[Opening Data shown section]
(* Let $\mathcal A$ be an arrangement of $d$ lines in $\mathbb P^2$ and let $m$ be the multiplicity of one of its intersection points. (i) If $\mathcal A$ is free with exponents $d_1\le d_2$ and $m>d/2$, then $m=d_2+1$. (ii) If $\mathcal A$ is nearly free with exponents $d_1\le d_2$ and $m\ge d/2$, then $m=d_2$.
   Context: The multiplicity of an intersection point is the number of lines through it. Let $S=\mathbb C[x,y,z]$, $f$ the product of the linear forms of the lines, and $AR(f)=\{(a,b,c)\in S^3: af_x+bf_y+cf_z=0\}$. $\mathcal A$ is free with exponents $d_1\le d_2$ if $AR(f)$ is a free $S$-module with homogeneous basis of degrees $d_1,d_2$; it is nearly free with exponents $d_1\le d_2$ if $AR(f)$ has a minimal graded free resolution $0\to S(-d_2-1)\to S(-d_1)\oplus S(-d_2)^2\to AR(f)\to 0$ with $d_1+d_2=d$. *)

theory Defs
  imports Complex_Main "HOL-Library.Poly_Mapping" "HOL-Library.Product_Plus"
begin

text \<open>S = C[x,y,z]: polynomials as finitely supported maps from exponent
triples (i,j,k) (standing for x^i y^j z^k) to complex coefficients.\<close>

type_synonym mon3 = "nat \<times> nat \<times> nat"
type_synonym S = "mon3 \<Rightarrow>\<^sub>0 complex"
type_synonym S3 = "S \<times> S \<times> S"

definition varX :: S where "varX = Poly_Mapping.single (1,0,0) 1"
definition varY :: S where "varY = Poly_Mapping.single (0,1,0) 1"
definition varZ :: S where "varZ = Poly_Mapping.single (0,0,1) 1"

definition const :: "complex \<Rightarrow> S" where "const c = Poly_Mapping.single (0,0,0) c"

definition dX :: "S \<Rightarrow> S" where
  "dX p = (\<Sum>m\<in>Poly_Mapping.keys p. case m of (i,j,k) \<Rightarrow>
            Poly_Mapping.single (i - 1, j, k) (of_nat i * Poly_Mapping.lookup p m))"
definition dY :: "S \<Rightarrow> S" where
  "dY p = (\<Sum>m\<in>Poly_Mapping.keys p. case m of (i,j,k) \<Rightarrow>
            Poly_Mapping.single (i, j - 1, k) (of_nat j * Poly_Mapping.lookup p m))"
definition dZ :: "S \<Rightarrow> S" where
  "dZ p = (\<Sum>m\<in>Poly_Mapping.keys p. case m of (i,j,k) \<Rightarrow>
            Poly_Mapping.single (i, j, k - 1) (of_nat k * Poly_Mapping.lookup p m))"

text \<open>Homogeneity (the zero polynomial is homogeneous of every degree).\<close>
definition tdeg :: "mon3 \<Rightarrow> nat" where "tdeg m = (case m of (i,j,k) \<Rightarrow> i + j + k)"
definition homog :: "nat \<Rightarrow> S \<Rightarrow> bool" where
  "homog n p \<longleftrightarrow> (\<forall>m\<in>Poly_Mapping.keys p. tdeg m = n)"
definition homog3 :: "nat \<Rightarrow> S3 \<Rightarrow> bool" where
  "homog3 n r \<longleftrightarrow> (case r of (a,b,c) \<Rightarrow> homog n a \<and> homog n b \<and> homog n c)"

definition tsmul :: "S \<Rightarrow> S3 \<Rightarrow> S3" where
  "tsmul h r = (case r of (a,b,c) \<Rightarrow> (h*a, h*b, h*c))"
definition tadd :: "S3 \<Rightarrow> S3 \<Rightarrow> S3" where
  "tadd r s = (case r of (a,b,c) \<Rightarrow> case s of (a',b',c') \<Rightarrow> (a+a', b+b', c+c'))"

text \<open>Lines: a line is given by a nonzero linear form (a,b,c), i.e. a x + b y + c z.\<close>
type_synonym lform = "complex \<times> complex \<times> complex"

definition lin_poly :: "lform \<Rightarrow> S" where
  "lin_poly l = (case l of (a,b,c) \<Rightarrow> const a * varX + const b * varY + const c * varZ)"

definition lin_eval :: "lform \<Rightarrow> lform \<Rightarrow> complex" where
  "lin_eval l p = (case l of (a,b,c) \<Rightarrow> case p of (x,y,z) \<Rightarrow> a*x + b*y + c*z)"

definition proportional :: "lform \<Rightarrow> lform \<Rightarrow> bool" where
  "proportional l l' \<longleftrightarrow> (\<exists>t::complex. t \<noteq> 0 \<and> l' = (t * fst l, t * fst (snd l), t * snd (snd l)))"

definition arrangement :: "lform list \<Rightarrow> bool" where
  "arrangement L \<longleftrightarrow> (\<forall>l\<in>set L. l \<noteq> (0,0,0)) \<and>
     (\<forall>i<length L. \<forall>j<length L. i \<noteq> j \<longrightarrow> \<not> proportional (L!i) (L!j))"

definition defpoly :: "lform list \<Rightarrow> S" where
  "defpoly L = (\<Prod>l\<leftarrow>L. lin_poly l)"

text \<open>Multiplicity of a point p (nonzero vector representing a point of P^2).\<close>
definition mult_pt :: "lform list \<Rightarrow> lform \<Rightarrow> nat" where
  "mult_pt L p = card {i. i < length L \<and> lin_eval (L!i) p = 0}"

definition intersection_point :: "lform list \<Rightarrow> lform \<Rightarrow> bool" where
  "intersection_point L p \<longleftrightarrow> p \<noteq> (0,0,0) \<and> mult_pt L p \<ge> 2"

definition AR :: "S \<Rightarrow> S3 set" where
  "AR f = {(a,b,c). a * dX f + b * dY f + c * dZ f = 0}"

definition is_free :: "lform list \<Rightarrow> nat \<Rightarrow> nat \<Rightarrow> bool" where
  "is_free L d1 d2 \<longleftrightarrow> (let f = defpoly L in
     \<exists>r1 r2. homog3 d1 r1 \<and> homog3 d2 r2 \<and> r1 \<in> AR f \<and> r2 \<in> AR f \<and>
       (\<forall>r\<in>AR f. \<exists>!pq. r = tadd (tsmul (fst pq) r1) (tsmul (snd pq) r2)))"

text \<open>Nearly free with exponents d1, d2: minimal graded free resolution
0 -> S(-d2-1) -> S(-d1) + S(-d2)^2 -> AR(f) -> 0 with d1 + d2 = d.
The generators r1, r2, r3 of degrees d1, d2, d2 generate AR(f); the module of
relations among them is free of rank one, generated by a homogeneous relation
(u,v,w) of degree d2+1 (so deg u = d2+1-d1, deg v = deg w = 1).  Minimality is
automatic since these degrees are positive.\<close>
definition is_nearly_free :: "lform list \<Rightarrow> nat \<Rightarrow> nat \<Rightarrow> bool" where
  "is_nearly_free L d1 d2 \<longleftrightarrow> d1 + d2 = length L \<and> (let f = defpoly L in
     \<exists>r1 r2 r3. homog3 d1 r1 \<and> homog3 d2 r2 \<and> homog3 d2 r3 \<and>
       r1 \<in> AR f \<and> r2 \<in> AR f \<and> r3 \<in> AR f \<and>
       (\<forall>r\<in>AR f. \<exists>p q s. r = tadd (tsmul p r1) (tadd (tsmul q r2) (tsmul s r3))) \<and>
       (\<exists>u v w. homog (d2 + 1 - d1) u \<and> homog 1 v \<and> homog 1 w \<and>
          (\<forall>p q s. tadd (tsmul p r1) (tadd (tsmul q r2) (tsmul s r3)) = (0,0,0) \<longleftrightarrow>
                     (\<exists>h. (p,q,s) = (h*u, h*v, h*w))) \<and>
          (\<forall>h h'. (h*u, h*v, h*w) = (h'*u, h'*v, h'*w) \<longrightarrow> h = h')))"

end

theory Submission
  imports Defs "HOL-Computational_Algebra.Polynomial_Factorial" "HOL-Computational_Algebra.Field_as_Ring"
begin

text \<open>Let \<open>g\<close> be the product of the \<open>m\<close> lines through \<open>p\<close> and \<open>h\<close> the product of the others,
  so \<open>f = g h\<close>; let \<open>E\<close> be the Euler field and \<open>\<partial>\<^sub>p\<close> the constant field \<open>p\<close>, which kills \<open>g\<close>.
  Then \<open>\<theta>\<^sub>0 = d h \<partial>\<^sub>p - (\<partial>\<^sub>p h) E\<close> is a syzygy of degree \<open>d - m\<close>.  For every syzygy \<open>r\<close>, each
  line through \<open>p\<close> divides \<open>det(p, x, r)\<close>, hence so does \<open>g\<close>; if the determinant vanishes, \<open>r\<close>
  is a combination of \<open>\<partial>\<^sub>p\<close> and \<open>E\<close>, and coprimality of \<open>h\<close> and \<open>\<partial>\<^sub>p h\<close> makes it a multiple
  of \<open>\<theta>\<^sub>0\<close>.  So there is no nonzero syzygy of degree \<open>k\<close> with \<open>k < d - m\<close> and \<open>k + 1 < m\<close>,
  while \<open>\<theta>\<^sub>0\<close> forces a generator of degree at most \<open>d - m\<close>; for \<open>d < 2m\<close> this gives \<open>d\<^sub>1 = d - m\<close>.
  In the nearly free case \<open>d\<^sub>1 + d\<^sub>2 = d\<close> then gives \<open>d\<^sub>2\<close> (the boundary case \<open>d = 2m\<close> needs
  one more use of \<open>\<theta>\<^sub>0\<close>).  In the free case the cofactor of \<open>g\<close> in \<open>det(p, x, r\<^sub>2)\<close> divides
  \<open>m h\<close> and \<open>m \<partial>\<^sub>p h\<close>, since two further syzygies have determinants \<open>m g h\<close> and \<open>m g \<partial>\<^sub>p h\<close>;
  so it is a constant and \<open>d\<^sub>2 + 1 = m\<close>.\<close>

lemma poly_mapping_sum_single:
  "(p::'a \<Rightarrow>\<^sub>0 'b::comm_monoid_add) =
     (\<Sum>m\<in>Poly_Mapping.keys p. Poly_Mapping.single m (Poly_Mapping.lookup p m))"
proof (rule poly_mapping_eqI)
  fix k
  show "Poly_Mapping.lookup p k = Poly_Mapping.lookup
      (\<Sum>m\<in>Poly_Mapping.keys p. Poly_Mapping.single m (Poly_Mapping.lookup p m)) k"
    by (cases "k \<in> Poly_Mapping.keys p") (auto simp: lookup_sum lookup_single when_def in_keys_iff)
qed

lemma poly_mapping_mult_expand:
  "(p::'a::comm_monoid_add \<Rightarrow>\<^sub>0 'b::comm_semiring_1) * q =
     (\<Sum>a\<in>Poly_Mapping.keys p. \<Sum>b\<in>Poly_Mapping.keys q.
        Poly_Mapping.single a (Poly_Mapping.lookup p a) * Poly_Mapping.single b (Poly_Mapping.lookup q b))"
  by (subst poly_mapping_sum_single[of p], subst poly_mapping_sum_single[of q]) (simp add: sum_product)

definition lin_ext :: "('a \<Rightarrow> 'b::zero \<Rightarrow> 'c::comm_monoid_add) \<Rightarrow> ('a \<Rightarrow>\<^sub>0 'b) \<Rightarrow> 'c" where
  "lin_ext F p = (\<Sum>m\<in>Poly_Mapping.keys p. F m (Poly_Mapping.lookup p m))"

locale coeff_additive =
  fixes F :: "'a \<Rightarrow> 'b::comm_monoid_add \<Rightarrow> 'c::comm_monoid_add"
  assumes F_zero: "F m 0 = 0" and F_add: "F m (a + b) = F m a + F m b"
begin

lemma lin_ext_superset:
  "finite K \<Longrightarrow> Poly_Mapping.keys p \<subseteq> K \<Longrightarrow>
     lin_ext F p = (\<Sum>m\<in>K. F m (Poly_Mapping.lookup p m))"
  unfolding lin_ext_def by (rule sum.mono_neutral_left) (auto simp: in_keys_iff F_zero)

lemma lin_ext_add: "lin_ext F (p + q) = lin_ext F p + lin_ext F q"
proof -
  let ?K = "Poly_Mapping.keys p \<union> Poly_Mapping.keys q"
  have "lin_ext F (p + q) = (\<Sum>m\<in>?K. F m (Poly_Mapping.lookup (p + q) m))"
    by (rule lin_ext_superset) (auto dest: subsetD[OF keys_add])
  also have "\<dots> = (\<Sum>m\<in>?K. F m (Poly_Mapping.lookup p m)) +
      (\<Sum>m\<in>?K. F m (Poly_Mapping.lookup q m))"
    by (simp add: lookup_add F_add sum.distrib)
  also have "\<dots> = lin_ext F p + lin_ext F q"
    using lin_ext_superset[of ?K p] lin_ext_superset[of ?K q] by simp
  finally show ?thesis .
qed

lemma lin_ext_zero [simp]: "lin_ext F 0 = 0"
  by (simp add: lin_ext_def)

lemma lin_ext_single [simp]: "lin_ext F (Poly_Mapping.single m c) = F m c"
  by (cases "c = 0") (auto simp: lin_ext_def F_zero)

lemma lin_ext_sum: "lin_ext F (sum f A) = (\<Sum>x\<in>A. lin_ext F (f x))"
  by (induction A rule: infinite_finite_induct) (auto simp: lin_ext_add)

end

lemma lin_ext_mult:
  fixes F :: "'a::comm_monoid_add \<Rightarrow> 'b::comm_semiring_1 \<Rightarrow> 'c::comm_monoid_add"
  assumes "coeff_additive F"
  shows "lin_ext F (p * q) = (\<Sum>a\<in>Poly_Mapping.keys p. \<Sum>b\<in>Poly_Mapping.keys q.
    F (a + b) (Poly_Mapping.lookup p a * Poly_Mapping.lookup q b))"
  by (subst poly_mapping_mult_expand)
     (simp add: coeff_additive.lin_ext_sum[OF assms] coeff_additive.lin_ext_single[OF assms]
       mult_single)

lemma plus_triple: "((a::nat), (b::nat), (c::nat)) + (a', b', c') = (a + a', b + b', c + c')"
  by (simp add: plus_prod_def)

lemma zero_mon3: "(0::mon3) = (0, 0, 0)"
  by (simp add: zero_prod_def)

lemma tdeg_add: "tdeg (a + b) = tdeg a + tdeg b"
  by (cases a; cases b) (simp add: tdeg_def plus_triple)

lemma homog_0 [simp]: "homog k 0"
  by (simp add: homog_def)

lemma homog_add: "homog k p \<Longrightarrow> homog k q \<Longrightarrow> homog k (p + q)"
  unfolding homog_def using keys_add[of p q] by auto

lemma homog_uminus: "homog k p \<Longrightarrow> homog k (- p)"
  unfolding homog_def by (simp add: keys_minus)

lemma homog_diff: "homog k p \<Longrightarrow> homog k q \<Longrightarrow> homog k (p - q)"
  using homog_add[of k p "- q"] homog_uminus[of k q] by simp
[Closing Data shown section]
**What you should do**
Pull out all lines from the entries above in which the word "dots" appears.

**Problem solution**
  also have "\<dots> = (\<Sum>m\<in>?K. F m (Poly_Mapping.lookup p m)) +
  also have "\<dots> = lin_ext F p + lin_ext F q"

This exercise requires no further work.